Даже газеты вынуждены были отметить «драматическую силу и красноречие обвиняемых, сумевших всецело завладеть вниманием суда». Судья Бернсайд огласил приговор: обвиняемые были признаны виновными, и суд утвердил решение присяжных. Но, заявил судья, он считает себя вправе высказать свое мнение об обстоятельствах дела. Обвиняемые люди вполне достойные, сказал судья, он не слышал ни одного показания, которое доказывало бы обратное… Им предъявлено обвинение в распространении литературы, за которую они в сущности не могут нести ответственность и содержание которой, как он полагает, они сами бы, по здравом размышлении, осудили.

Динни считал, что в словах судьи есть доля правды. Обвиняемых выпустили на свободу, предупредив, что они должны вести себя смирно, не нарушать порядка и подчиняться законам страны.

Еще до второго референдума Салли убедилась, что Том и Динни были правы. Доводы, которые они приводили, выступая против воинской повинности, подкреплялись всем ходом событий.

Она прочла книгу, разоблачающую махинации с военными займами в интересах финансовых концернов, она читала «Нейшн» и другие запрещенные издания, которые распространяли Эйли и Том. Почему эти газеты и книги запрещены? – спрашивала себя Салли. Ее возмущало, что ей не дозволено читать книги, которые так живо волнуют ее. Если те или иные факты недостоверны или ложны, их можно опровергнуть, а если это правда, – народ должен знать ее. Она, как и множество женщин, чувствовала, что на карту поставлена жизнь их сыновей и мужей, будущее их детей. Кто дал право правительству запрещать взрослым мужчинам и женщинам читать статьи, критикующие методы ведения войны, и слушать чьи бы то ни было высказывания о причинах ее возникновения? Ведь это просто оскорбительно!

Салли казалось, что пылевой ураган – столь частый гость на приисках – закружил ее в своем удушливом, обжигающем вихре и швыряет из стороны в сторону. Сперва она готова была слепо принять за истину каждое слово премьер-министра и соглашалась с Моррисом, что необходимо любой ценой пополнять ряды действующей армии.
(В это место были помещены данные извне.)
lemma lift_params_fiber_nonempty:
  assumes M: "m \<in> Mset" shows "\<exists>u v. (m, u, v) \<in> lift_params"
proof -
  obtain X1 X2 A where mm: "m = (X1, X2, A)" by (metis prod_cases3)
  have M': "(X1, X2, A) \<in> Mset" using M by (simp add: mm)
  have "(cmod (z4_cnj_z3 m))^2 = 2 * cos A * (2 * Re (X1 * exp (- \<i> * of_real A)))"
    using M' unfolding mm in_Mset_iff by blast
  also have "\<dots> = (norm_z4 m * norm_z3 m)^2"
    unfolding mm power_mult_distrib power2_norm_z3_z4[OF M'] by simp
  finally have "(cmod (z4_cnj_z3 m))^2 = (norm_z4 m * norm_z3 m)^2" .
  moreover have "0 \<le> norm_z4 m * norm_z3 m"
    using M' cos_ge_zero[of A] by (simp add: mm norm_z3_def norm_z4_def in_Mset_iff)
  ultimately have "cmod (z4_cnj_z3 m) = norm_z4 m * norm_z3 m"
    using power2_eq_iff_nonneg norm_ge_zero by blast
  moreover obtain v where "cmod v = 1" "of_real (cmod (z4_cnj_z3 m)) * v = z4_cnj_z3 m"
    using exists_unit_polar by blast
  ultimately have "(m, 1, v) \<in> lift_params" using M by (simp add: lift_params_def mult_ac)
  thus ?thesis by blast
qed

lemma normal_lift_fiber_congruent4:
  assumes t: "(m, u, v) \<in> lift_params" and t': "(m, u', v') \<in> lift_params"
  shows "congruent4 (lines4 (normal_lift (m, u, v))) (lines4 (normal_lift (m, u', v')))"
proof -
  obtain X1 X2 A where mm: "m = (X1, X2, A)" by (metis prod_cases3)
  have "cmod u = 1" "cmod u' = 1" "cmod v = 1" "cmod v' = 1"
    and "of_real (norm_z4 m) * v * cnj (of_real (norm_z3 m) * u)
       = of_real (norm_z4 m) * v' * cnj (of_real (norm_z3 m) * u')"
    using t t' by (auto simp: lift_params_def)
  then obtain c where c: "cmod c = 1" "of_real (norm_z3 m) * u' = c * (of_real (norm_z3 m) * u)"
     "of_real (norm_z4 m) * v' = c * (of_real (norm_z4 m) * v)"
    using common_unit_rotation by metis
  have "map4 (diag3 1 c 1) (normal_lift (m, u, v)) = normal_lift (m, u', v')"
    by (simp add: mm normal_lift_def normal_form4_def map4_def diag3_mult e1_def e3_def
        flip: c(2,3)[unfolded mm])
  hence "act4 (diag3 1 c 1) (lines4 (normal_lift (m, u, v))) = lines4 (normal_lift (m, u', v'))"
    by (simp add: act4_lines4)
  thus ?thesis using unitary21_diag3_rotation[OF c(1)] unfolding congruent4_def by metis
qed

lemma quads_congruent_normal_lift:
  assumes "q \<in> quads"
  shows "\<exists>t \<in> lift_params. congruent4 q (lines4 (normal_lift t))"
proof -
  obtain P1 P2 P3 P4 where v: "(P1, P2, P3, P4) \<in> generic4" "q = lines4 (P1, P2, P3, P4)"
    using assms quads_iff_lines4 by (metis prod_cases4)
  then obtain w3 z3 w4 z4 where w3: "cmod w3 = 1" and g: "normal_form4 w3 z3 w4 z4 \<in> generic4"
    and cong: "congruent4 q (lines4 (normal_form4 w3 z3 w4 z4))"
    using normal_form by blast
  obtain X1 X2 A where m: "invariants4 (normal_form4 w3 z3 w4 z4) = (X1, X2, A)"
    by (metis prod_cases3)
  have "vec3 w3 z3 1 \<in> null_vecs" "vec3 w4 z4 1 \<in> null_vecs"
    using g by (simp_all add: generic4_def normal_form4_def)
  note C = normal_form_coordinates[OF w3 this m]
  have s: "norm_z3 (X1, X2, A) = cmod z3" "norm_z4 (X1, X2, A) = cmod z4"
    unfolding norm_z3_def norm_z4_def prod.case C(3,4)[symmetric] by simp_all
  obtain u where u: "cmod u = 1" "of_real (cmod z3) * u = z3" using exists_unit_polar by blast
  obtain v where v: "cmod v = 1" "of_real (cmod z4) * v = z4" using exists_unit_polar by blast
  have "(X1, X2, A) \<in> Mset" using normal_form_in_Mset[OF g w3] m by simp
  moreover have "of_real (cmod z4) * v * cnj (of_real (cmod z3) * u) = z4 * cnj z3"
    by (simp only: u(2) v(2))
  ultimately have "((X1, X2, A), u, v) \<in> lift_params"
    using u(1) v(1) C(5) by (simp add: lift_params_def s)
  moreover have "normal_lift ((X1, X2, A), u, v) = normal_form4 w3 z3 w4 z4"
    using C(1,2) u v s by (simp add: normal_lift_def)
  ultimately show ?thesis using cong by metis
qed

section \<open>Topology\<close>

lemma istopology_quotient:
  "istopology (\<lambda>U. U \<subseteq> f ` topspace X \<and> openin X {x \<in> topspace X. f x \<in> U})"
proof -
  have "S \<inter> T \<subseteq> f ` topspace X \<and> openin X {x \<in> topspace X. f x \<in> S \<inter> T}"
    if "S \<subseteq> f ` topspace X \<and> openin X {x \<in> topspace X. f x \<in> S}"
       "T \<subseteq> f ` topspace X \<and> openin X {x \<in> topspace X. f x \<in> T}" for S T
  proof -
    have "{x \<in> topspace X. f x \<in> S \<inter> T} = {x \<in> topspace X. f x \<in> S} \<inter> {x \<in> topspace X. f x \<in> T}"
      by auto
    thus ?thesis using that by auto
  qed
  moreover have "\<Union>K \<subseteq> f ` topspace X \<and> openin X {x \<in> topspace X. f x \<in> \<Union>K}"
    if K: "\<forall>U\<in>K. U \<subseteq> f ` topspace X \<and> openin X {x \<in> topspace X. f x \<in> U}" for K
  proof -
    have "{x \<in> topspace X. f x \<in> \<Union>K} = (\<Union>U \<in> K. {x \<in> topspace X. f x \<in> U})" by auto
    moreover have "openin X (\<Union>U \<in> K. {x \<in> topspace X. f x \<in> U})" using K by auto
    ultimately show ?thesis using K by auto
  qed
  ultimately show ?thesis unfolding istopology_def by blast
qed

lemma openin_quotient_topology:
  "openin (quotient_topology X f) U \<longleftrightarrow> U \<subseteq> f ` topspace X \<and> openin X {x \<in> topspace X. f x \<in> U}"
  by (simp only: quotient_topology_def topology_inverse'[OF istopology_quotient])

lemma topspace_quotient_topology: "topspace (quotient_topology X f) = f ` topspace X"
proof -
  have "{x \<in> topspace X. f x \<in> f ` topspace X} = topspace X" by auto
  hence "openin (quotient_topology X f) (f ` topspace X)" by (simp add: openin_quotient_topology)
  hence "f ` topspace X \<subseteq> topspace (quotient_topology X f)" by (rule openin_subset)
  moreover have "topspace (quotient_topology X f) \<subseteq> f ` topspace X"
    using openin_quotient_topology[of X f "topspace (quotient_topology X f)"] by simp
  ultimately show ?thesis by blast
qed

lemma quotient_map_quotient_topology: "quotient_map X (quotient_topology X f) f"
  unfolding quotient_map_def topspace_quotient_topology openin_quotient_topology by auto

lemma open_map_prod_topology:
  assumes f: "open_map X X' f" and g: "open_map Y Y' g"
  shows "open_map (prod_topology X Y) (prod_topology X' Y') (\<lambda>(x, y). (f x, g y))"
  unfolding open_map_def
proof (intro allI impI)
  fix W assume W: "openin (prod_topology X Y) W"
  show "openin (prod_topology X' Y') ((\<lambda>(x, y). (f x, g y)) ` W)"
    unfolding openin_prod_topology_alt
  proof (intro allI impI)
    fix a b assume "(a, b) \<in> (\<lambda>(x, y). (f x, g y)) ` W"
    then obtain x y where xy: "(x, y) \<in> W" "a = f x" "b = g y" by auto
    have "\<exists>U V. openin X U \<and> openin Y V \<and> x \<in> U \<and> y \<in> V \<and> U \<times> V \<subseteq> W"
      using W xy(1) unfolding openin_prod_topology_alt by simp
    then obtain U V where UV: "openin X U" "openin Y V" "x \<in> U" "y \<in> V" "U \<times> V \<subseteq> W"
      by blast
    have "openin X' (f ` U)" "openin Y' (g ` V)" using f g UV unfolding open_map_def by auto
    moreover have "f ` U \<times> g ` V \<subseteq> (\<lambda>(x, y). (f x, g y)) ` W" using UV(5) by auto
    moreover have "a \<in> f ` U" "b \<in> g ` V" using xy UV by auto
    ultimately show "\<exists>U V. openin X' U \<and> openin Y' V \<and> a \<in> U \<and> b \<in> V \<and>
        U \<times> V \<subseteq> (\<lambda>(x, y). (f x, g y)) ` W"
      by (intro exI[of _ "f ` U"] exI[of _ "g ` V"]) simp
  qed
qed

lemma topspace_bdry_top: "topspace bdry_top = bdry"
  by (simp add: bdry_top_def topspace_quotient_topology bdry_def)

lemma topspace_quads_top: "topspace quads_top = quads"
  by (auto simp: quads_top_def topspace_bdry_top quads_def)

lemma topspace_config_top: "topspace config_top = orbit4 ` quads"
  by (simp add: config_top_def topspace_quotient_topology topspace_quads_top)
Но мало-помалу в бесконечных спорах с Томом и Динни она стала слабеть; трения между Моррисом и Томом поколебали ее, а теперь в действиях цензуры и суда она видела прямое издевательство над народом, видела, с какой бессмысленной жестокостью подвергают гонениям противников всеобщей воинской повинности, как, цинично попирая всякую законность, людей преследуют за то, что они отстаивают свои взгляды и излагают их народу.

Дик был ранен и лежал в госпитале, и Салли могла теперь собраться с мыслями. Он написал, что голосовал против воинской повинности и что в его взводе, находящемся во Франции, почти все поступили так же. Среди нас нет таких, писал он, кому жизнь в армии настолько пришлась бы по вкусу, чтобы он поверил, будто ее нужно навязать каждому австралийцу.

«Самым счастливым днем в нашей жизни, – писал Дик, – будет тот день, когда мы вернемся домой и распростимся с армией. Мы уже сыты ею по горло, Салли моя! Хорошо Билли Юзу говорить, что «союзные генералы многому научились» после наступления у Соммы и после Позьера (двадцать тысяч убитых и раненых за месяц!). А у нас почти все считают, что они нам еще должны доказать, что война ведется правильно, прежде чем мы согласимся послать на фронт наших младших братьев. Ребятам не по нутру, что в Англии рядовой солдат не имеет права закусить или выпить в ресторане, где бывают офицеры. Трудно себе представить, насколько эти правила и необходимость поминутно отдавать честь влияют на отношение австралийских солдат к английским военным, которые пользуются гораздо большими правами, чем мы. Скажи папе, что я натяну свои боксерские перчатки и хорошенько погоняю его по двору, если он будет голосовать за воинскую повинность».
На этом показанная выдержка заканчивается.